To explore the HC Corpora dataset (Blogs, News, and Twitter) and establish a foundation for a high-performance next-word prediction algorithm.

Methodology

  • Dataset : HC Corpora (EN-US) containing over 4M lines of text.
  • Sampling : 1% random sample used for computational efficiency and reproducibility.
  • Tools : tidytext for tokenization and ggplot2 for frequency visualization.

Key Findings

  • Scale : The raw text files exceed 550MB, necessitating an optimized N-gram dictionary.
  • Patterns : N-gram distributions follow Zipf’s Law, allowing for significant data pruning without sacrificing accuracy.
  • Strategy : A Katz Back-off model is identified as the most efficient approach for the final Shiny application.

Data Statistics

Before cleaning, I analyzed the raw files to understand their scale. The volume of data requires an efficient sampling strategy to maintain sub-second prediction latency in the final product.
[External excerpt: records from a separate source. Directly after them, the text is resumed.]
section \<open>The symbol coefficients as overlap integrals\<close>

definition symbol_coeff :: "nat \<Rightarrow> nat \<Rightarrow> real \<Rightarrow> real" where
  "symbol_coeff p r d = (-1)^r * bspline_deriv (2*p+1) (2*r) (real p + 1 - d)"

lemma gsym_eq_symbol_coeff:
  assumes "r \<le> p"
  shows "gsym p r \<theta> = symbol_coeff p r 0 + 2 * (\<Sum>d\<in>{1..int p}. symbol_coeff p r (of_int d) * cos (of_int d * \<theta>))"
proof -
  have "(\<Sum>d\<in>{1..int p}. symbol_coeff p r (of_int d) * cos (of_int d * \<theta>))
      = (\<Sum>k = 1..p. symbol_coeff p r (real k) * cos (real k * \<theta>))"
    by (rule sum.reindex_bij_witness[where i="\<lambda>k. int k" and j="\<lambda>d. nat d"]) auto
  then show ?thesis
    using assms by (simp add: gsym_def symbol_coeff_def nderiv_cardB sum_distrib_left mult_ac)
qed

lemma symbol_coeff_minus:
  assumes "r \<le> p"
  shows "symbol_coeff p r (- d) = symbol_coeff p r d"
proof -
  have "bspline_deriv (2*p+1) (2*r) (real p + 1 - - d)
      = (-1)^(2*r) * bspline_deriv (2*p+1) (2*r) (real (2*p+1) + 1 - (real p + 1 - - d))"
    by (rule bspline_deriv_reflect) (use assms in simp)
  also have "real (2*p+1) + 1 - (real p + 1 - - d) = real p + 1 - d"
    by simp
  also have "(-1::real)^(2*r) = 1"
    by simp
  finally show ?thesis
    unfolding symbol_coeff_def by simp
qed

lemma symbol_coeff_eq_0: "r \<le> p \<Longrightarrow> real p + 1 \<le> d \<Longrightarrow> symbol_coeff p r d = 0"
  unfolding symbol_coeff_def by (simp add: bspline_deriv_eq_0_nonpos)

text \<open>For even \<open>p\<close>, the \<open>r\<close>-th derivative of \<open>C\<^sub>c\<close> is
  \<open>x \<mapsto> n\<^sup>r * centred_deriv p r (n * x - c - 1/2)\<close>.\<close>
definition centred_deriv :: "nat \<Rightarrow> nat \<Rightarrow> real \<Rightarrow> real" where
  "centred_deriv p r t = bspline_deriv p r (t + real (p div 2) + 1)"

lemma centred_deriv_eq_0:
  assumes "even p" "r \<le> p" "t < - real (p div 2) - 1 \<or> t > real (p div 2)"
  shows "centred_deriv p r t = 0"
  using assms bspline_deriv_eq_0_neg[of "t + real (p div 2) + 1" p r]
    bspline_deriv_eq_0_above[of r p "t + real (p div 2) + 1"]
  unfolding centred_deriv_def by (auto elim!: evenE)

lemma centred_deriv_reflect:
  assumes "even p" "r \<le> p"
  shows "centred_deriv p r (-1 - t) = (-1)^r * centred_deriv p r t"
proof -
  have "real p + 1 - (-1 - t + real (p div 2) + 1) = t + real (p div 2) + 1"
    using assms(1) by (auto elim!: evenE)
  then show ?thesis
    unfolding centred_deriv_def by (subst bspline_deriv_reflect[OF assms(2)]) simp
qed

lemma centred_deriv_mult_reflect:
  assumes "even p" "r \<le> p"
  shows "centred_deriv p r (-1 - s) * centred_deriv p r (-1 - t) = centred_deriv p r s * centred_deriv p r t"
proof -
  have "(-1::real)^r * (-1)^r = 1"
    by (simp flip: power_add)
  then show ?thesis
    unfolding centred_deriv_reflect[OF assms] by (simp add: algebra_simps)
qed
theorem corollary5p3:
  fixes m :: nat and \<beta> lam :: real
  assumes "m \<ge> 2" and "0 < \<beta>" and "\<beta> < 1 / 2"
    and "is_eigenvalue m \<beta> lam"
  shows "lam \<ge> lambda1 m \<beta>"
proof -
  have "m \<ge> 1" using assms(1) by simp
  then have "A_set m \<beta> \<noteq> {}" and "\<forall>a\<in>A_set m \<beta>. a \<le> lam"
    using A_set_nonempty A_set_le_eigenvalue assms(2-4) by auto
  then show ?thesis
    unfolding lambda1_def by (intro cSup_least) auto
qed

end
file_size_blogs <- file.info("en_US.blogs.txt")$size / 1024^2
file_size_news <- file.info("en_US.news.txt")$size / 1024^2
file_size_twitter <- file.info("en_US.twitter.txt")$size / 1024^2

blogs <- readLines("en_US.blogs.txt", encoding = "UTF-8", skipNul = TRUE)
news <- readLines("en_US.news.txt", encoding = "UTF-8", skipNul = TRUE)
twitter <- readLines("en_US.twitter.txt", encoding = "UTF-8", skipNul = TRUE)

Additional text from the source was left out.